И Леденцова задела странная печаль, отдаленно похожая на легкую зависть… Эти разнузданные детки слушались Петельникова без сомнений и колебаний, сразу признав его авторитет. Почему? Старше капитан, умнее, сильнее или излучает суггестические биоволны? А почему он, Леденцов, любит его и подчиняется с радостью? И странная печаль, теперь походившая на ущемленное самолюбие, задела еще раз: окажись Петельников в Шатре — не стал бы он ни вина пить, ни драться, ни в мешке стоять… Биоволнами бы скрутил, как вертит ими сейчас.

— Ну, кто здесь хочет стать сыщиком? — спросил капитан.

— Я, — нетерпеливо отозвался Бледный.

Петельников оглядел его, как покупную лошадь. Бледный приосанился: сел прямо, распрямил плечи и приподнял грудь. Но капитан все смотрел и смотрел на него, и, чем больше парень раздувался, тем веселее становился взгляд Петельникова. Бледный не выдержал.

— Вы проверьте меня!

— Иди…

Капитан сел к кофейному столику и поставил локоть правой руки на столешницу. То же сделал и Бледный. Они сцепились ладонями, и каждый стал гнуть кисть другого, стараясь положить ее на гладкую поверхность. Прошла минута, вторая, но обе кисти стояли прямо, и только их дрожь выдавала мощное напряжение. Еще прошла минута…

— Что же ты меня не кладешь? — спросил Петельников.

— И вы меня не кладете.

Капитан улыбнулся и припечатал его руку к столу легко, как прутик пригнул. Бледный покраснел, но уже от другого, от нервного порыва.

— Вы меня поспрашивайте. Я в криминалистике секу.

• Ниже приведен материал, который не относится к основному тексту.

(* Let $a>1$ and $c,d>0$ be fixed. There exist positive constants $M_x$ and $M_y$ (independent of $m,n$ and of $(x,y)$) such that for all $(x,y)\in[0,c]\times[0,d]$ and all $m,n\in\mathbb{N}$, \[ \hat{Y}_{m,n,a}\big((t-x)^4;x,y\big)\leq \frac{M_x}{m^2},\qquad \hat{Y}_{m,n,a}\big((s-y)^4;x,y\big)\leq \frac{M_y}{n^2}. \]
   Context: For $m,n\in\mathbb{N}$, $(x,y)\in[0,\infty)^2$ and integers $k_1,k_2\ge0$ let \[ s_{m,n,k_1,k_2}^a(x,y)=a^{-\frac{x}{a^{1/m}-1}}\,a^{-\frac{y}{a^{1/n}-1}}\,\frac{x^{k_1}y^{k_2}(\log a)^{k_1+k_2}}{(a^{1/m}-1)^{k_1}(a^{1/n}-1)^{k_2}\,k_1!\,k_2!}, \] and \[ \hat{Y}_{m,n,a}(f;x,y)=\sum_{k_1=0}^{\infty}\sum_{k_2=0}^{\infty}s_{m,n,k_1,k_2}^a(x,y)\,f\!\left(\tfrac{k_1}{m},\tfrac{k_2}{n}\right). \] $\hat{Y}_{m,n,a}(g(t,s);x,y)$ denotes the operator applied to $(t,s)\mapsto g(t,s)$ (with $t=k_1/m$, $s=k_2/n$). *)

theory Defs
  imports "HOL-Analysis.Analysis"
begin

definition s_basis :: "real \<Rightarrow> nat \<Rightarrow> nat \<Rightarrow> nat \<Rightarrow> nat \<Rightarrow> real \<Rightarrow> real \<Rightarrow> real" where
  "s_basis a m n k1 k2 x y =
     a powr (- x / (a powr (1 / real m) - 1)) * a powr (- y / (a powr (1 / real n) - 1)) *
     (x ^ k1 * y ^ k2 * (ln a) ^ (k1 + k2)) /
     ((a powr (1 / real m) - 1) ^ k1 * (a powr (1 / real n) - 1) ^ k2 * fact k1 * fact k2)"

definition Yhat :: "nat \<Rightarrow> nat \<Rightarrow> real \<Rightarrow> (real \<Rightarrow> real \<Rightarrow> real) \<Rightarrow> real \<Rightarrow> real \<Rightarrow> real" where
  "Yhat m n a f x y =
     (\<Sum>k1. \<Sum>k2. s_basis a m n k1 k2 x y * f (real k1 / real m) (real k2 / real n))"

end

theory Submission
  imports Defs
begin

(* The basis functions factor into Poisson weights exp(-l) l^k / k! with rates
   l = x ln a / (a^(1/m) - 1) and y ln a / (a^(1/n) - 1), so each bound is the fourth moment
   of K/m about x for a Poisson variable K of rate l.  Writing x = l/m + e, this moment is
   m^-4 (l + 3 l^2) - 4 m^-3 e l + 6 m^-2 e^2 l + e^4, and with h = ln a / m the inequalities
   h <= exp h - 1 and exp h - 1 - h <= h (exp h - 1) give 0 <= l/m <= x and
   0 <= e <= x ln a / m.  Hence every term is at most a constant times 1/m^2,
   uniformly for x in [0, c]. *)

definition falling_fact :: "nat \<Rightarrow> nat \<Rightarrow> real" where
  "falling_fact k j = (\<Prod>i<j. real k - real i)"

lemma falling_fact_Suc_Suc: "falling_fact (Suc k) (Suc j) = real (Suc k) * falling_fact k j"
  unfolding falling_fact_def prod.lessThan_Suc_shift by simp

lemma falling_fact_0_Suc: "falling_fact 0 (Suc j) = 0"
  unfolding falling_fact_def prod.lessThan_Suc_shift by simp

lemma falling_fact_small:
  "falling_fact k 0 = 1" "falling_fact k 1 = real k" "falling_fact k 2 = real k * (real k - 1)"
  "falling_fact k 3 = real k * (real k - 1) * (real k - 2)"
  "falling_fact k 4 = real k * (real k - 1) * (real k - 2) * (real k - 3)"
  by (simp_all add: falling_fact_def numeral_eq_Suc prod.lessThan_Suc)

lemma sums_falling_fact_exp: "(\<lambda>k. l ^ k / fact k * falling_fact k j) sums (l ^ j * exp l)"
proof (induction j)
  case 0
  show ?case using exp_converges[of l] by (simp add: falling_fact_def divide_inverse mult.commute)
next
  case (Suc j)
  have "(\<lambda>k. l * (l ^ k / fact k * falling_fact k j)) sums (l * (l ^ j * exp l))"
    using sums_mult[OF Suc.IH] .
  moreover have "l * (l ^ k / fact k * falling_fact k j)
      = l ^ Suc k / fact (Suc k) * falling_fact (Suc k) (Suc j)" for k
    by (simp add: falling_fact_Suc_Suc field_simps del: of_nat_Suc)
  ultimately have "(\<lambda>k. l ^ Suc k / fact (Suc k) * falling_fact (Suc k) (Suc j))
      sums (l ^ Suc j * exp l)"
    by (simp add: mult.assoc)
  then show ?case
    using sums_Suc_iff[of "\<lambda>k. l ^ k / fact k * falling_fact k (Suc j)"]
    by (simp add: falling_fact_0_Suc)
qed

definition poisson_weight :: "real \<Rightarrow> nat \<Rightarrow> real" where
  "poisson_weight l k = exp (- l) * l ^ k / fact k"

lemma poisson_factorial_moment: "(\<lambda>k. poisson_weight l k * falling_fact k j) sums l ^ j"
  using sums_mult[OF sums_falling_fact_exp[of l j], of "exp (- l)"]
  by (simp add: poisson_weight_def exp_minus field_simps)

lemma poisson_weight_sums_1: "poisson_weight l sums 1"
  using poisson_factorial_moment[of l 0] by (simp add: falling_fact_small)

lemma poisson_power_moments:
  "(\<lambda>k. poisson_weight l k * real k) sums l"
  "(\<lambda>k. poisson_weight l k * real k ^ 2) sums (l ^ 2 + l)"
  "(\<lambda>k. poisson_weight l k * real k ^ 3) sums (l ^ 3 + 3 * l ^ 2 + l)"
  "(\<lambda>k. poisson_weight l k * real k ^ 4) sums (l ^ 4 + 6 * l ^ 3 + 7 * l ^ 2 + l)"
proof -
  (* The coefficients are Stirling numbers of the second kind: k^4 = (k)_4 + 6 (k)_3 + 7 (k)_2 + (k)_1. *)
  note F = poisson_factorial_moment[of l]
  show "(\<lambda>k. poisson_weight l k * real k) sums l"
    using F[of 1] unfolding falling_fact_small by simp
  show "(\<lambda>k. poisson_weight l k * real k ^ 2) sums (l ^ 2 + l)"
    using sums_add[OF F[of 2] F[of 1]]
    unfolding falling_fact_small by (simp add: algebra_simps power2_eq_square)
  show "(\<lambda>k. poisson_weight l k * real k ^ 3) sums (l ^ 3 + 3 * l ^ 2 + l)"
    using sums_add[OF sums_add[OF F[of 3] sums_mult[OF F[of 2], of 3]] F[of 1]]
    unfolding falling_fact_small by (simp add: algebra_simps power3_eq_cube power2_eq_square)
  show "(\<lambda>k. poisson_weight l k * real k ^ 4) sums (l ^ 4 + 6 * l ^ 3 + 7 * l ^ 2 + l)"
    using sums_add[OF sums_add[OF sums_add[OF F[of 4] sums_mult[OF F[of 3], of 6]]
        sums_mult[OF F[of 2], of 7]] F[of 1]]
    unfolding falling_fact_small
    by (simp add: algebra_simps power3_eq_cube power2_eq_square power4_eq_xxxx)
qed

— Непременно. Водопроводные краны дома чинишь?

— Нет.

— Жаль. Двое сыщиков однажды в подвале чуть не захлебнулись, не могли воду перекрыть. А телевизоры ремонтируешь?

— Нет.

— Жаль. Как-то мы сидели месяц в избушке лесника. Телевизор сдох, а исправить некому. Эпиграммы Пушкина знаешь?

— Ну, про саранчу, которая летела и села…

— Это не эпиграмма, один мой знакомый сыщик так вот жуликов упустил. В переписанной от руки эпиграмме шифровку не углядел. Потому что не знал текста Пушкина; Ну ладно. Старушку сможешь к себе расположить?

— Как расположить?

— Побеседовать так, чтобы она тебя повела домой чай пить.

— Я старух не люблю.

— Худо. Я вот так одну бабусю не расположил, она информацию и утаила. Скажи: животное укротишь?

— Какое животное?

— Тигра. Однажды убежал из зоопарка, мы ловили.

— Собаку укрощу…

— А младенца перепеленаешь?

— Младенца перепе… Чего?

— Мне пришлось. Мамаша к двери кабинета новорожденного подкинула.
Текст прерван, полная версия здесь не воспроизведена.